Selon le Conseil national des finances publiques, les dépenses liées au vieillissement démographique, notamment en santé et retraites, passeront de 15,7 % du PIB en 2022 à 24,9 % en 2070. Les pensions seules atteindraient 17,5 % du PIB, soit le plus haut niveau de l’Union européenne. Face à cela, une consultation sur la viabilité du système de retraite[i], menée par le gouvernement, devrait déboucher d’ici l’été sur une réforme structurelle[ii]. Par ailleurs, le financement de la transition écologique exerce des pressions accrues, avec une mobilisation prévue de 1,6 % des dépenses publiques (510M€) entre 2025 et 2028 pour les fonds environnementaux, à laquelle s’ajoutent 220 M€ dédiés au financement climatique international sur cinq ans. Enfin, dans le cadre du paquet de printemps du Semestre européen 2024, la Commission européenne recommande de renforcer la lutte contre la planification fiscale agressive pour préserver la base fiscale. Elle incite aussi le Luxembourg à stimuler la productivité, notamment en soutenant l’investissement des entreprises en R&D, afin de maintenir la compétitivité du secteur financier, source majeure de recettes fiscales.
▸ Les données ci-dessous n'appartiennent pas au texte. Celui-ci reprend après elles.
lemma upper_mdimH_at_snowflake:
  assumes "G_system act X d" "\<And>n. finite (F n)" "\<And>n. F n \<noteq> {}"
    and a: "0 < a" "a < 1" and e: "0 < e" "e < 1" and \<delta>: "0 < \<delta>" "\<delta> \<le> e"
  defines "r \<equiv> snowflake_inv a e \<delta>"
  shows "ereal (ln r / ln \<delta>) * upper_mdimH_at act X F d r \<le> upper_mdimH_at act X F (d_alpha_eps d a e) \<delta>"
    and "ereal a * upper_mdimH_at act X F (d_alpha_eps d a e) \<delta> \<le> upper_mdimH_at act X F d r"
proof -
  obtain B where "\<And>x y. x \<in> X \<Longrightarrow> y \<in> X \<Longrightarrow> 0 \<le> d x y \<and> d x y \<le> B"
    using G_system_bounded[OF assms(1)] by blast
  then have bounds: "\<And>x y. x \<in> X \<Longrightarrow> y \<in> X \<Longrightarrow>
      0 \<le> dyn_metric act d (F n) x y \<and> dyn_metric act d (F n) x y \<le> B" for n
    using assms(2,3) G_system_act_in[OF assms(1)] by (intro dyn_metric_bounds) auto
  note rel = dyn_metric_d_alpha_eps[OF assms(1-3) a(1,2) e(1)]
  have "0 \<le> ln r / ln \<delta>"
    using snowflake_inv_log_ratio(1)[OF a e \<delta>] by (simp add: r_def)
  then show "ereal (ln r / ln \<delta>) * upper_mdimH_at act X F d r \<le> upper_mdimH_at act X F (d_alpha_eps d a e) \<delta>"
    unfolding upper_mdimH_at_def r_def
    using dimH_snowflake_ge[OF a e \<delta> rel bounds] by (intro mult_limsup_divide_le[where c = "\<lambda>n. card (F n)"]) auto
  show "ereal a * upper_mdimH_at act X F (d_alpha_eps d a e) \<delta> \<le> upper_mdimH_at act X F d r"
    unfolding upper_mdimH_at_def r_def
    using a dimH_snowflake_le[OF a e \<delta> rel bounds] by (intro mult_limsup_divide_le[where c = "\<lambda>n. card (F n)"]) auto
qed

theorem mainTheorem11:
  fixes act :: "'g::{group_add,countable} \<Rightarrow> 'x \<Rightarrow> 'x"
    and X :: "'x set" and d :: "'x \<Rightarrow> 'x \<Rightarrow> real" and F :: "nat \<Rightarrow> 'g set"
    and \<alpha> \<epsilon> :: real
  assumes "G_system act X d"
    and "folner F"
    and "0 < \<alpha>" "\<alpha> < 1" "0 < \<epsilon>" "\<epsilon> < 1"
  shows "upper_mdimH act X F (d_alpha_eps d \<alpha> \<epsilon>) = upper_mdimH act X F d / ereal \<alpha>"
proof -
  let ?A = "upper_mdimH_at act X F (d_alpha_eps d \<alpha> \<epsilon>)" and ?B = "upper_mdimH_at act X F d"
    and ?r = "snowflake_inv \<alpha> \<epsilon>"
  have F: "\<And>n. finite (F n)" "\<And>n. F n \<noteq> {}"
    using assms(2) by (auto simp: folner_def)
  have antimono: "\<And>r r'. 0 < r \<Longrightarrow> r \<le> r' \<Longrightarrow> ?B r' \<le> ?B r"
    by (rule upper_mdimH_at_antimono)
  have "eventually (\<lambda>\<delta>. 0 < \<delta> \<and> \<delta> \<le> \<epsilon>) (at_right 0)"
    using assms(5) by (auto simp: eventually_at_right_field intro: exI[of _ \<epsilon>])
  then have squeeze: "eventually (\<lambda>\<delta>. ereal (ln (?r \<delta>) / ln \<delta>) * ?B (?r \<delta>) \<le> ?A \<delta> \<and> ereal \<alpha> * ?A \<delta> \<le> ?B (?r \<delta>))
      (at_right 0)"
    by eventually_elim (use upper_mdimH_at_snowflake[OF assms(1) F assms(3-6)] in auto)
  have "(?A \<longlongrightarrow> (SUP r\<in>{0<..}. ?B r) / ereal \<alpha>) (at_right 0)"
    by (rule tendsto_divide_by_squeeze[OF antimono filterlim_snowflake_inv[OF assms(3,5)]
          tendsto_ln_snowflake_inv_over_ln[OF assms(3,5)] assms(3) squeeze])
  moreover have "(?B \<longlongrightarrow> (SUP r\<in>{0<..}. ?B r)) (at_right 0)"
    using tendsto_SUP_antimono_at_right[OF antimono filterlim_ident] by simp
  ultimately show ?thesis
    unfolding upper_mdimH_eq_Lim by (simp add: tendsto_Lim)
qed

end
[i] Le système de retraite au Luxembourg repose principalement sur un régime de répartition, dans lequel les cotisations des travailleurs actifs servent à financer les pensions des retraités actuels. L’âge de départ à la retraite est fixé à 65 ans, à condition d’avoir cotisé pendant au moins 10 ans. Toutefois, dans la pratique, l’âge effectif de départ à la retraite est inférieur à l’âge légal : en moyenne les luxembourgeois prennent leur retraite autour de 60/61 ans. La Caisse nationale d’assurance pension (CNAP) dispose d’une réserve accumulée grâce aux excédents passés qui permet de maintenir l’équilibre du régime sans augmenter immédiatement les cotisations ou réduire les pensions. Ainsi, en 2023, la CNAP a dégagé un excédent de 2,85 Md€ portant la réserve à 27,4 Md€, soit l’équivalent de 4,3 années de prestations annuelles. Cependant, malgré cette situation saine, les projections de l’IGSS (Inspection Générale de la Sécurité Sociale) indiquent que dès 2026, les dépenses dépasseront les recettes, forçant le CNAP à puiser dans la réserve. Le seuil légal minimum de réserve (1,5 fois les prestations annuelles) devrait être franchi dès 2039 et la réserve complètement épuisée en 2045. L’IGGS suggère donc une réforme des retraites. En effet, sans ajustements le modèle de répartition ne pourra plus assurer durablement les pensions, mettant en péril la stabilité financière du système luxembourgeois.

[ii] Malgré les annonces faites par le Premier ministre Luc Frieden, les contours précis de la réforme des retraites restent flous. La mesure phare de cette réforme est un allongement progressif des carrières de trois mois par an.